Jesus’ response to the disciples is similar to his response to the man with the sick son: “For mortals it is impossible, but not for God; for God all things are possible.”

But salvation for the rich man also required action on his part. Instead of doing as Jesus asked or asking for God’s help to do so, the man “was shocked and went away grieving.” He did not have the faith of the disciples, who have left everything and followed Jesus and who will receive a hundredfold now and in the age to come eternal life.

We want to affirm God’s power: “all things can be done”; “for God all things are possible.” But God does not exercise the kind of power that heals or saves against our will. God wants believers who willingly let God work in their lives for healing and salvation.

Can we do this all on our own? Of course not! It didn’t work for the disciples trying to heal the boy on their own without prayer, and it doesn’t work for us.

God does not force us into relationship nor force us to do the right thing. God wants our cooperation. God wants to be in loving relationship with us.

In the Anabaptist tradition, this was laid out in the doctrine of free will. Without free will, said the 16th-century leader Hans Denck, God is responsible for everything that happens, even our sin.

But God is not the author of evil.

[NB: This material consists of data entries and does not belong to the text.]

lemma nat_floor_scaled_min_max:
  fixes x y c :: real
  assumes "0 \<le> c"
  shows "min (nat \<lfloor>x * c\<rfloor>) (nat \<lfloor>y * c\<rfloor>) = nat \<lfloor>min x y * c\<rfloor>"
    and "max (nat \<lfloor>x * c\<rfloor>) (nat \<lfloor>y * c\<rfloor>) = nat \<lfloor>max x y * c\<rfloor>"
proof -
  have mono: "nat \<lfloor>x' * c\<rfloor> \<le> nat \<lfloor>y' * c\<rfloor>" if "x' \<le> y'" for x' y'
    using that assms by (intro nat_mono floor_mono mult_right_mono)
  show "min (nat \<lfloor>x * c\<rfloor>) (nat \<lfloor>y * c\<rfloor>) = nat \<lfloor>min x y * c\<rfloor>"
    and "max (nat \<lfloor>x * c\<rfloor>) (nat \<lfloor>y * c\<rfloor>) = nat \<lfloor>max x y * c\<rfloor>"
    using mono[of x y] mono[of y x] by (auto simp: min_def max_def)
qed

lemma sum_Sigma_fst:
  fixes g :: "'a \<Rightarrow> real"
  assumes "finite A" "\<forall>k\<in>A. finite (B k)"
  shows "(\<Sum>p\<in>Sigma A B. g (fst p)) = (\<Sum>k\<in>A. real (card (B k)) * g k)"
proof -
  have "(\<Sum>p\<in>Sigma A B. g (fst p)) = (\<Sum>(k, l)\<in>Sigma A B. g k)"
    by (simp add: case_prod_beta)
  also have "\<dots> = (\<Sum>k\<in>A. \<Sum>l\<in>B k. g k)"
    using assms by (rule sum.Sigma[symmetric])
  finally show ?thesis
    by simp
qed

lemma sum_infectives_Int_le:
  assumes "\<forall>k\<in>{1..m}. 0 \<le> t k \<and> 0 \<le> u k \<and> 0 \<le> Nt k" "\<forall>k\<in>{1..m}. 0 \<le> g k"
  shows "(\<Sum>p\<in>infectives m Nt t \<inter> infectives m Nt u. g (fst p))
    \<le> (\<Sum>k\<in>{1..m}. min (t k) (u k) * Nt k * g k)"
proof -
  have "infectives m Nt t \<inter> infectives m Nt u
      = (SIGMA k:{1..m}. {1..min (nat \<lfloor>t k * Nt k\<rfloor>) (nat \<lfloor>u k * Nt k\<rfloor>)})"
    unfolding infectives_def by auto
  also have "\<dots> = (SIGMA k:{1..m}. {1..nat \<lfloor>min (t k) (u k) * Nt k\<rfloor>})"
    using assms by (intro Sigma_cong refl) (simp add: nat_floor_scaled_min_max)
  finally have "(\<Sum>p\<in>infectives m Nt t \<inter> infectives m Nt u. g (fst p))
      = (\<Sum>k\<in>{1..m}. real (nat \<lfloor>min (t k) (u k) * Nt k\<rfloor>) * g k)"
    by (simp add: sum_Sigma_fst)
  also have "\<dots> \<le> (\<Sum>k\<in>{1..m}. min (t k) (u k) * Nt k * g k)"
    using assms by (intro sum_mono mult_right_mono) auto
  finally show ?thesis .
qed

lemma sum_infectives_sym_diff:
  assumes "\<forall>k\<in>{1..m}. 0 \<le> t k \<and> 0 \<le> u k \<and> 0 \<le> Nt k"
  shows "(\<Sum>p\<in>sym_diff (infectives m Nt t) (infectives m Nt u). g (fst p))
    = (\<Sum>k\<in>{1..m}. (real_of_int \<lfloor>max (t k) (u k) * Nt k\<rfloor> - real_of_int \<lfloor>min (t k) (u k) * Nt k\<rfloor>) * g k)"
proof -
  have "sym_diff (infectives m Nt t) (infectives m Nt u)
      = (SIGMA k:{1..m}. {min (nat \<lfloor>t k * Nt k\<rfloor>) (nat \<lfloor>u k * Nt k\<rfloor>)<..max (nat \<lfloor>t k * Nt k\<rfloor>) (nat \<lfloor>u k * Nt k\<rfloor>)})"
    unfolding infectives_def by auto
  also have "\<dots> = (SIGMA k:{1..m}. {nat \<lfloor>min (t k) (u k) * Nt k\<rfloor><..nat \<lfloor>max (t k) (u k) * Nt k\<rfloor>})"
    using assms by (intro Sigma_cong refl) (simp add: nat_floor_scaled_min_max)
  finally have "(\<Sum>p\<in>sym_diff (infectives m Nt t) (infectives m Nt u). g (fst p))
      = (\<Sum>k\<in>{1..m}. real (nat \<lfloor>max (t k) (u k) * Nt k\<rfloor> - nat \<lfloor>min (t k) (u k) * Nt k\<rfloor>) * g k)"
    by (simp add: sum_Sigma_fst)
  also have "\<dots> = (\<Sum>k\<in>{1..m}.
      (real_of_int \<lfloor>max (t k) (u k) * Nt k\<rfloor> - real_of_int \<lfloor>min (t k) (u k) * Nt k\<rfloor>) * g k)"
  proof (intro sum.cong refl arg_cong2[where f = "(*)"])
    have nat_diff: "real (nat a - nat b) = real_of_int a - real_of_int b" if "0 \<le> b" "b \<le> a" for a b :: int
      using that by (simp add: of_nat_diff)
    fix k assume "k \<in> {1..m}"
    then show "real (nat \<lfloor>max (t k) (u k) * Nt k\<rfloor> - nat \<lfloor>min (t k) (u k) * Nt k\<rfloor>)
        = real_of_int \<lfloor>max (t k) (u k) * Nt k\<rfloor> - real_of_int \<lfloor>min (t k) (u k) * Nt k\<rfloor>"
      using assms by (intro nat_diff floor_mono mult_right_mono) auto
  qed
  finally show ?thesis .
qed

locale contact_model = prob_space M
  for M :: "'a measure" and m :: nat and N :: "nat \<Rightarrow> nat"
    and V :: "nat \<Rightarrow> nat \<Rightarrow> nat \<Rightarrow> 'a \<Rightarrow> real" and C :: "nat \<Rightarrow> nat \<Rightarrow> nat \<Rightarrow> nat \<Rightarrow> 'a \<Rightarrow> bool" +
  assumes V_meas: "\<forall>k l i. V k l i \<in> borel_measurable M"
    and V_range: "\<forall>k\<in>{1..m}. \<forall>l\<ge>1. \<forall>i\<in>{1..m}. \<forall>\<omega>\<in>space M. 0 \<le> V k l i \<omega> \<and> V k l i \<omega> \<le> 1"
    and V_indep: "indep_vars (\<lambda>_. PiM {1..m} (\<lambda>_. (borel :: real measure)))
                    (\<lambda>(k, l) \<omega>. restrict (\<lambda>i. V k l i \<omega>) {1..m}) ({1..m} \<times> {1..})"
    and V_ident: "\<forall>k\<in>{1..m}. \<forall>l\<ge>1.
                    distr M (PiM {1..m} (\<lambda>_. (borel :: real measure))) (\<lambda>\<omega>. restrict (\<lambda>i. V k l i \<omega>) {1..m})
                  = distr M (PiM {1..m} (\<lambda>_. (borel :: real measure))) (\<lambda>\<omega>. restrict (\<lambda>i. V k 1 i \<omega>) {1..m})"
    and C_meas: "\<forall>k l i j. {\<omega> \<in> space M. C k l i j \<omega>} \<in> sets M"
    and C_cond: "\<forall>A\<in>Vsigma M m V. \<forall>P b. finite P \<and>
                   P \<subseteq> {(k, l, i, j). k \<in> {1..m} \<and> 1 \<le> l \<and> i \<in> {1..m} \<and> j \<in> {1..N i}} \<longrightarrow>
                   measure M (A \<inter> {\<omega> \<in> space M. \<forall>(k, l, i, j)\<in>P. C k l i j \<omega> = b (k, l, i, j)})
                 = (\<integral>\<omega>. indicator A \<omega> *
                      (\<Prod>(k, l, i, j)\<in>P. if b (k, l, i, j) then V k l i \<omega> else 1 - V k l i \<omega>) \<partial>M)"
begin

definition miss_prob :: "nat \<Rightarrow> nat \<Rightarrow> real" where
  "miss_prob k i = expectation (\<lambda>\<omega>. 1 - V k 1 i \<omega>)"

definition miss_both_prob :: "nat \<Rightarrow> nat \<Rightarrow> real" where
  "miss_both_prob k i = expectation (\<lambda>\<omega>. (1 - V k 1 i \<omega>)\<^sup>2)"

abbreviation joint_escape_prob :: "nat \<Rightarrow> (nat \<times> nat) set \<Rightarrow> (nat \<times> nat) set \<Rightarrow> real" where
  "joint_escape_prob i \<equiv> joint_escape (\<lambda>p. miss_prob (fst p) i) (\<lambda>p. miss_both_prob (fst p) i)"

lemma V_measurable [measurable]: "V k l i \<in> borel_measurable M"
  using V_meas by blast

lemma C_pred [measurable]: "Measurable.pred M (C k l i j)"
  using C_meas by (simp add: pred_def)

lemma unit_moments_miss_prob:
  assumes "k \<in> {1..m}" "i \<in> {1..m}"
  shows "unit_moments (miss_prob k i) (miss_both_prob k i)"
  unfolding miss_prob_def miss_both_prob_def
  using assms V_range by (intro unit_moments_expectation) auto

lemma integrable_V:
  assumes "k \<in> {1..m}" "1 \<le> l" "i \<in> {1..m}"
  shows "integrable M (V k l i)"
  using assms V_meas V_range by (intro integrable_const_bound[where B = 1]) auto

lemma expectation_V_eq:
  assumes "k \<in> {1..m}" "i \<in> {1..m}"
  shows "expectation (V k 1 i) = 1 - miss_prob k i"
  using integrable_V[OF assms(1) _ assms(2)] by (simp add: miss_prob_def prob_space)

lemma variance_V_eq:
  assumes "k \<in> {1..m}" "i \<in> {1..m}"
  shows "variance (V k 1 i) = miss_both_prob k i - (miss_prob k i)\<^sup>2"
proof -
  have int: "integrable M (\<lambda>\<omega>. 1 - V k 1 i \<omega>)" "integrable M (\<lambda>\<omega>. (1 - V k 1 i \<omega>)\<^sup>2)"
    using assms V_meas V_range
    by (auto intro!: integrable_const_bound[where B = 1] simp: abs_square_le_1)
  have "expectation (\<lambda>\<omega>. 1 - V k 1 i \<omega>) = 1 - expectation (V k 1 i)"
    using expectation_V_eq[OF assms] by (simp add: miss_prob_def)
  moreover have "(v - e)\<^sup>2 = (1 - v - (1 - e))\<^sup>2" for v e :: real
    by (simp add: power2_eq_square algebra_simps)
  ultimately have "variance (V k 1 i) = variance (\<lambda>\<omega>. 1 - V k 1 i \<omega>)"
    by (auto intro: Bochner_Integration.integral_cong)
  also have "\<dots> = miss_both_prob k i - (miss_prob k i)\<^sup>2"
    unfolding miss_prob_def miss_both_prob_def by (rule variance_eq[OF int])
  finally show ?thesis .
qed

lemma escape_measurable [measurable]:
  assumes "finite Q"
  shows "escape C i j Q \<in> borel_measurable M"
  unfolding escape_def indicator_def mem_Collect_eq using assms by measurable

When we yield our wills to God’s will, when we become willing rather than willful, God’s grace can work through us in astounding ways.

Salvation belongs to us when we have submitted our wills to God’s will and have let God use us in ways that the world would see as impossible.

The miracles in the scripture passages — healing a long illness and giving up everything to follow Jesus — do not come as the result of some kind of magic pronouncement on Jesus’ part in front of skeptical onlookers. This is not an abracadabra without commitment. Miracles involve belief and faith in the possibility that God can act in and through us for healing and salvation.

Lois Barrett is professor of theology and Anabaptist studies at Anabaptist Mennonite Biblical Seminary. She lives in Wichita, Kan.